As a member of an analytics team for the United States Environmental Protection Agency (EPA), I have been assigned to analyze air quality data with respect to carbon monoxide, a major air pollutant. The dataset includes information from more than 200 monitoring sites across various states, counties, and cities. By applying statistical techniques, I will explore patterns, detect outliers, and conduct hypothesis testing to generate meaningful insights. These findings will help inform environmental policy decisions, identify regions requiring intervention, and assess how air quality trends impact public health strategies.


## **Overview**  

To achieve this, I will:  

- **Perform descriptive statistics** to summarize air quality data across different regions.  
- **Determine probability distributions** that best fit the dataset and analyze the spread of AQI values.  
- **Detect outliers** using z-scores and other statistical techniques.  
- **Apply effective sampling methods** to optimize analysis on large datasets.  
- **Conduct hypothesis tests** to assess differences in AQI across locations, helping guide policy decisions.  
- **Visualize key trends** in air pollution data using graphs and charts to enhance interpretability.  

By carrying out these analyses, I aim to identify **which regions require intervention**, understand **how air quality trends impact public health**, and provide **data-driven insights to support environmental policies**.


## **Dataset Structure**  

### **Air Quality Datasets**  
These datasets contain air quality data collected by the Environmental Protection Agency (EPA), specifically focusing on **carbon monoxide** levels across multiple locations in the United States. The data comes from over 200 monitoring sites, each identified by state, county, city, and local site names. The datasets provide key information for analyzing air pollution trends and their potential public health impacts.

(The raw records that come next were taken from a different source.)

(* Let $\mathscr D:\mathscr N=\mathscr N_1\cup\cdots\cup\mathscr N_k$ be a decomposition of a chemical reaction network $\mathscr N$, let $\mathscr C_{\mathscr D}$ be its set of common complexes and $d=|\mathscr C_{\mathscr D}|$. For each $i$ let $\ell_i$ be the number of linkage classes of $\mathscr N_i$ and $h_i=|\mathscr C_i\cap\mathscr C_{\mathscr D}|$, and let $\ell$ be the number of linkage classes of $\mathscr N$. Then $\mathscr D$ is incidence independent if and only if $$\sum_{i=1}^k \ell_i-\ell=\sum_{i=1}^k h_i-d.$$
   Context: A chemical reaction network (CRN) $\mathscr N=(\mathscr S,\mathscr C,\mathscr R)$ consists of a finite set of species $\mathscr S$, a finite set of complexes $\mathscr C$ (nonnegative integer combinations of species), and a set of reactions $\mathscr R\subseteq\mathscr C\times\mathscr C$ with no reaction $(y,y)$ and every complex occurring in some reaction; it is viewed as a directed graph on $\mathscr C$. Linkage classes are the connected components of the underlying undirected graph. A decomposition $\mathscr N=\mathscr N_1\cup\cdots\cup\mathscr N_k$ is given by a partition $\{\mathscr R_1,\dots,\mathscr R_k\}$ of $\mathscr R$ (with $k\ge 2$); the subnetwork $\mathscr N_i=(\mathscr S_i,\mathscr C_i,\mathscr R_i)$ has as complex set $\mathscr C_i$ the complexes occurring in reactions of $\mathscr R_i$ and as species the species occurring in $\mathscr C_i$. The incidence map $I_a:\mathbb R^{\mathscr R}\to\mathbb R^{\mathscr C}$ sends the basis vector of a reaction $y\to y'$ to $\omega_{y'}-\omega_y$; similarly for each subnetwork (with images viewed inside $\mathbb R^{\mathscr C}$). The decomposition is incidence independent if $\operatorname{Im} I_a$ is the direct sum of the images of the incidence maps of the $\mathscr N_i$; since $\dim\operatorname{Im}I_a=n-\ell$ ($n$ = number of complexes), this is equivalent to $n-\ell=\sum_i(n_i-\ell_i)$. The set $\mathscr C_{\mathscr D}$ of common complexes consists of all complexes belonging to the complex sets of at least two distinct subnetworks. *)

theory Defs
  imports Complex_Main
begin

type_synonym 's complex = "'s \<Rightarrow> nat"

definition complexes_of :: "('c \<times> 'c) set \<Rightarrow> 'c set" where
  "complexes_of R = fst ` R \<union> snd ` R"

definition species_of :: "('s complex) set \<Rightarrow> 's set" where
  "species_of C = {s. \<exists>y\<in>C. y s \<noteq> 0}"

#### **Dataset 1-c4_epa_air_quality.csv: Air Quality Measurements**  
This dataset contains raw air quality data, including:  
- **date_local**: The date when the air quality measurement was recorded.  
- **state_name**: The U.S. state where the air quality was measured.  
- **county_name**: The county where the monitoring site is located.  
- **city_name**: The city (if applicable) where the air quality was recorded.  
- **local_site_name**: The name of the specific monitoring station.  
- **parameter_name**: The pollutant measured, which in this case is carbon monoxide.  
- **units_of_measure**: The unit used for measurement (Parts per million).  
- **arithmetic_mean**: The average concentration of carbon monoxide for the given date and location.  
- **aqi**: The Air Quality Index (AQI) value derived from the carbon monoxide concentration.  

#### **Dataset 2-c4_epa_air_quality.csv: Log-Transformed AQI Data**  
This dataset contains a **log-transformed** version of the AQI values, which helps in analyzing data distribution and handling skewness in air pollution measurements. It includes:  
- **date_local, state_name, county_name, city_name, local_site_name, parameter_name, units_of_measure** (same as Dataset 1).  
- **aqi_log**: The natural logarithm of the AQI value for improved statistical analysis.  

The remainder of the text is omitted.